A vida, porém, tornava-se cada vez mais apertada e difícil. Para não encontrarem o alemão, entravam tarde, pé ante pé, e saíam cedo. Ruy Vaz, por fim, extenuado, instalou-se no palacete do visconde de Montenegro, retirando, a pouco e pouco, os livros, os quadros flamengos, A Barricada e outros pequenos objetos. Anselmo, só, ia curtindo a fome.
Uma noite, muito enfraquecido, pôs-se a procurar nas estantes desfalcadas alguns livros que lhe pudessem dar qualquer coisa: só restavam romances e alguns poetas ingleses.
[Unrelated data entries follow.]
(* Let $n\ge 4$, $N=\{1,\dots,n\}$, fix distinct $i_1,i_2\in N$ and let $\hat N^c=N\setminus\{i_1,i_2\}$. Then the inequality $$\sum_{j\in\hat N^c}\left(x_{i_1j}+x_{ji_1}+x_{ji_2}\right)-x_{i_1i_2}-\sum_{j,j'\in\hat N^c:\,j\ne j'} x_{jj'}\le 3-\frac{(n-4)(n-5)}{2}$$ defines a facet of the weak order polytope $P^n_{WO}$.
   Context: Let $N=\{1,\dots,n\}$ and $A_N=\{(i,j): i,j\in N, i\ne j\}$. A weak order on $N$ is a binary relation $W\subseteq N\times N$ that is reflexive, transitive and total; $(i,j)\in W$ is read "$i$ is preferred over or tied with $j$". The characteristic vector of $W$ is $x^W\in\{0,1\}^{A_N}$ with $x^W_{(i,j)}=1$ if $(i,j)\in W$ and $0$ otherwise. The weak order polytope $P^n_{WO}$ is the convex hull of the characteristic vectors of all weak orders on $N$; its points are vectors $x\in\mathbb{R}^{A_N}$ and $x_{ij}$ denotes the coordinate $x_{(i,j)}$. $P^n_{WO}$ has dimension $n(n-1)$. An inequality $\pi x\le\pi_0$ defines a facet of a polytope $P$ if it is valid for $P$ (holds for all $x\in P$) and the face $P\cap\{x:\pi x=\pi_0\}$ is nonempty, proper, and contains $\dim(P)$ affinely independent points. *)

theory Defs
  imports "HOL-Analysis.Analysis"
begin

text \<open>The ground set N is modelled by a finite type 'a with CARD('a) = n.
  Points of R^{A_N} are modelled as vectors in real^('a \<times> 'a); the diagonal
  coordinates (i,i) are not in A_N and are identically 0 for every
  characteristic vector.\<close>

definition weak_order :: "('a \<times> 'a) set \<Rightarrow> bool" where
  "weak_order W \<longleftrightarrow> refl W \<and> trans W \<and> total W"

definition char_vec :: "('a::finite \<times> 'a) set \<Rightarrow> real ^ ('a \<times> 'a)" where
  "char_vec W = (\<chi> p. if fst p \<noteq> snd p \<and> p \<in> W then 1 else 0)"
(* Let $L$ be a link. For every $n \ge 2$, $\beta_2(L) \le \beta_n(L)$.
   Context: An $n$-crossing ($n\ge 2$) in a link projection is a point where $n$ strands meet, each bisecting the crossing, with the strands assigned distinct levels $1,\dots,n$ (level $1$ on top) recording their heights. An $m$-string $n$-crossing braid is a braid diagram on $m$ strings all of whose crossings are $n$-crossings; each such crossing involves strings in consecutive positions $j,\dots,j+n-1$ and reverses their order. A $2$-crossing braid is an ordinary braid. The $n$-crossing braid index $\beta_n(L)$ is the minimum number of strings of an $n$-crossing braid whose closure is isotopic to $L$, and $\beta_n(L)=\infty$ if no such braid exists. Thus $\beta_2(L)$ is the usual braid index. *)

theory Defs
  imports "HOL-Analysis.Analysis" "HOL-Library.Extended_Nat"
begin

type_synonym pt3 = "real \<times> real \<times> real"

definition is_link :: "pt3 set \<Rightarrow> bool" where
  "is_link L \<longleftrightarrow> (\<exists>(k::nat) (c :: nat \<Rightarrow> real \<Rightarrow> pt3). k \<ge> 1 \<and>
      (\<forall>i<k. simple_path (c i) \<and> pathfinish (c i) = pathstart (c i)) \<and>
      (\<forall>i<k. \<forall>j<k. i \<noteq> j \<longrightarrow> path_image (c i) \<inter> path_image (c j) = {}) \<and>
      L = (\<Union>i<k. path_image (c i)))"

definition isotopic :: "pt3 set \<Rightarrow> pt3 set \<Rightarrow> bool" where
  "isotopic L L' \<longleftrightarrow> (\<exists>H :: real \<times> pt3 \<Rightarrow> pt3.
      continuous_on ({0..1} \<times> UNIV) H \<and>
      (\<forall>t\<in>{0..1}. \<exists>g. homeomorphism UNIV UNIV (\<lambda>x. H (t, x)) g) \<and>
      (\<forall>x. H (0, x) = x) \<and>
      (\<lambda>x. H (1, x)) ` L = L')"

text \<open>A geometric m-string braid: string i is t \<mapsto> (t, x_i(t), z_i(t)), where
  x is the position coordinate (seen in the projection) and z the height.
  We require x > 0 so that the braid can be closed by rotating around the z-axis.\<close>
definition geom_braid :: "nat \<Rightarrow> (nat \<Rightarrow> real \<Rightarrow> real \<times> real) \<Rightarrow> bool" where
  "geom_braid m s \<longleftrightarrow> m \<ge> 1 \<and>
     (\<forall>i<m. continuous_on {0..1} (s i)) \<and>
     (\<forall>i<m. \<forall>t\<in>{0..1}. fst (s i t) > 0) \<and>
     (\<forall>i<m. \<forall>j<m. i \<noteq> j \<longrightarrow> (\<forall>t\<in>{0..1}. s i t \<noteq> s j t)) \<and>
     (\<lambda>i. s i 0) ` {..<m} = (\<lambda>i. s i 1) ` {..<m}"
(* Let $M$ be a simple rank-$3$ matroid with nine elements whose ground set is the union of three long lines that share a common point. Then either $M$ has a $U_{2,5}$-minor, or $M\cong R_9$.
   Context: A point of a matroid is a rank-one flat; a line (rank-2 flat) is long if it contains at least three points. $R_9$ (the ternary Reid geometry) is the simple rank-$3$ matroid consisting of long lines $L_1,L_2,L_3$ with a common intersection point $x$ such that $|L_1|=|L_2|=4$, $|L_3|=3$, and both elements of $L_3-\{x\}$ lie on four long lines. *)

theory Defs
  imports Main
begin

definition matroid :: "'a set \<Rightarrow> 'a set set \<Rightarrow> bool" where
  "matroid E I \<longleftrightarrow> finite E \<and> (\<forall>X\<in>I. X \<subseteq> E) \<and> {} \<in> I
     \<and> (\<forall>X Y. X \<in> I \<and> Y \<subseteq> X \<longrightarrow> Y \<in> I)
     \<and> (\<forall>X Y. X \<in> I \<and> Y \<in> I \<and> card X < card Y \<longrightarrow> (\<exists>e\<in>Y - X. insert e X \<in> I))"

definition rank_of :: "'a set set \<Rightarrow> 'a set \<Rightarrow> nat" where
  "rank_of I X = Max {card Y | Y. Y \<subseteq> X \<and> Y \<in> I}"

definition simple_matroid :: "'a set \<Rightarrow> 'a set set \<Rightarrow> bool" where
  "simple_matroid E I \<longleftrightarrow> (\<forall>X. X \<subseteq> E \<and> card X \<le> 2 \<longrightarrow> X \<in> I)"

definition flat :: "'a set \<Rightarrow> 'a set set \<Rightarrow> 'a set \<Rightarrow> bool" where
  "flat E I F \<longleftrightarrow> F \<subseteq> E \<and> (\<forall>e \<in> E - F. rank_of I (insert e F) > rank_of I F)"

definition point :: "'a set \<Rightarrow> 'a set set \<Rightarrow> 'a set \<Rightarrow> bool" where
  "point E I P \<longleftrightarrow> flat E I P \<and> rank_of I P = 1"

definition line :: "'a set \<Rightarrow> 'a set set \<Rightarrow> 'a set \<Rightarrow> bool" where
  "line E I L \<longleftrightarrow> flat E I L \<and> rank_of I L = 2"

definition long_line :: "'a set \<Rightarrow> 'a set set \<Rightarrow> 'a set \<Rightarrow> bool" where
  "long_line E I L \<longleftrightarrow> line E I L \<and> card {P. point E I P \<and> P \<subseteq> L} \<ge> 3"

text \<open>Independent sets of the minor M / C \ D (C contracted, D deleted), on ground set E - (C \<union> D).\<close>
definition minor_indep :: "'a set \<Rightarrow> 'a set set \<Rightarrow> 'a set \<Rightarrow> 'a set \<Rightarrow> 'a set set" where
  "minor_indep E I C D =
     {X. X \<subseteq> E - (C \<union> D) \<and> rank_of I (X \<union> C) = card X + rank_of I C}"

definition matroid_iso :: "'a set \<Rightarrow> 'a set set \<Rightarrow> 'b set \<Rightarrow> 'b set set \<Rightarrow> bool" where
  "matroid_iso E1 I1 E2 I2 \<longleftrightarrow>
     (\<exists>f. bij_betw f E1 E2 \<and> (\<forall>X. X \<subseteq> E1 \<longrightarrow> (X \<in> I1 \<longleftrightarrow> f ` X \<in> I2)))"

definition has_minor :: "'a set \<Rightarrow> 'a set set \<Rightarrow> 'b set \<Rightarrow> 'b set set \<Rightarrow> bool" where
  "has_minor E I E' I' \<longleftrightarrow>
     (\<exists>C D. C \<subseteq> E \<and> D \<subseteq> E \<and> C \<inter> D = {} \<and>
        matroid_iso (E - (C \<union> D)) (minor_indep E I C D) E' I')"

definition U_ground :: "nat \<Rightarrow> nat set" where
  "U_ground n = {0..<n}"
definition U_indep :: "nat \<Rightarrow> nat \<Rightarrow> nat set set" where
  "U_indep r n = {X. X \<subseteq> {0..<n} \<and> card X \<le> r}"

text \<open>R_9: x = 0, L1 = {0,1,2,3}, L2 = {0,4,5,6}, L3 = {0,7,8}; the points 7 and 8 each lie on
  three further long lines, which are transversals of L1 - {0} and L2 - {0}.\<close>
definition R9_ground :: "nat set" where
  "R9_ground = {0..<9}"
definition R9_long_lines :: "nat set set" where
  "R9_long_lines = {{0,1,2,3}, {0,4,5,6}, {0,7,8},
                    {7,1,4}, {7,2,5}, {7,3,6},
                    {8,1,5}, {8,2,6}, {8,3,4}}"
definition R9_indep :: "nat set set" where
  "R9_indep = {X. X \<subseteq> R9_ground \<and>
      (card X \<le> 2 \<or> (card X = 3 \<and> \<not> (\<exists>L\<in>R9_long_lines. X \<subseteq> L)))}"

end

theory Submission imports Defs begin

text \<open>The three lines meet pairwise only in the common point x, so their sizes add up to 11 and
  one of them, say L3 = {x, c1, c2}, has three elements. Contracting a point c leaves a rank-2
  matroid, in which five elements no two of which are collinear with c form a U_{2,5}.
  Such five elements exist if L1 or L2 has at least five points, or if some a in L1 - x lies on
  no line through c meeting L2 - x, for c = c1 or c = c2: take x, a and the three points of L2 - x.
  Otherwise the lines through c1, as well as those through c2, match L1 - x bijectively with
  L2 - x. No pair is matched by both, since it would be collinear with c1 and c2 and hence lie on
  L3. So the two matchings differ by a 3-cycle, and this is exactly the configuration of R9.\<close>

lemma triple_subset_eq:
  assumes "{p,q,r} \<subseteq> {u,v,w}" "p \<noteq> q" "p \<noteq> r" "q \<noteq> r"
  shows "{p,q,r} = {u,v,w}"
proof (rule card_subset_eq)
  show "card {p,q,r} = card {u,v,w}"
  proof (rule antisym)
    show "card {p,q,r} \<le> card {u,v,w}" using assms(1) by (simp add: card_mono)
    have "card {u,v,w} \<le> 3" by (simp add: card_insert_le_m1)
    then show "card {u,v,w} \<le> card {p,q,r}" using assms(2-4) by simp
  qed
qed (use assms in auto)

definition two_in :: "'a \<Rightarrow> 'a \<Rightarrow> 'a \<Rightarrow> 'a set \<Rightarrow> bool" where
  "two_in u v w L \<longleftrightarrow> (u \<in> L \<and> v \<in> L) \<or> (u \<in> L \<and> w \<in> L) \<or> (v \<in> L \<and> w \<in> L)"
Lembrou-se, então, da caixa de música... Se a empenhasse? Estava perfeita, podia dar dinheiro — tomou-lhe o peso, era grande, mas como tinha um níquel, podia levá-la no bonde até à rua Gonçalves Dias e dali, nos braços, à casa de penhores. Decidiu-se e, não ouvindo rumor na casa, estando a família à mesa, saiu, pé ante pé, com o precioso fardo e, alcançando a rua, apressou o passo receoso de que o vissem.
Na cidade correu imediatamente à travessa de S. Francisco, embarafustou por um dos compartimentos e, repousando a caixa de música, propôs o penhor por três meses. O homem, muito sisudo, fez um momo rosnando: Que aquilo não valia a pena.
— Está perfeita? — Pois não.
Ele pôs-se a examinar, deu corda. As molas perras rangeram, mas o cilindro girou e a ária da Jolie parfumeuse tilintou alegremente naquele canto mal alumiado.
No cubículo contíguo uma velha resmungava.
Anselmo teve uma grande emoção ouvindo aquela ária alegre que lhe recordava os doces tempos da vida tranqüila, no seio da família. As noites calmas, quando o velho pai, estirado no canapé, enquanto a mamãe cosia à luz do lampião de querosene e o gato resbunava pela sala, mandava vir a caixa de música e adormecia ouvindo as peças que se sucediam vivamente: Les Porcheron... Ainda...
Ó doce tempo!
O homem teve de perguntar duas vezes:
— Quanto quer?
O estudante, com os olhos úmidos, andava pelo passado, revendo a ventura para o sempre perdida.
— Quanto quer?
— Veja quanto me pode dar.
— Eu não costumo receber estas coisas... Enfim: vinte e cinco mil réis, serve?
Ele sentiu um sobressalto, mas emendou:
— Trinta.
— Não; mesmo ela precisa de uma limpeza em regra. Vinte e cinco. — Vá lá...
O homem encheu a cautela entregando-a a Anselmo com o dinheiro depois de lhe haver apresentado à assinatura um livro.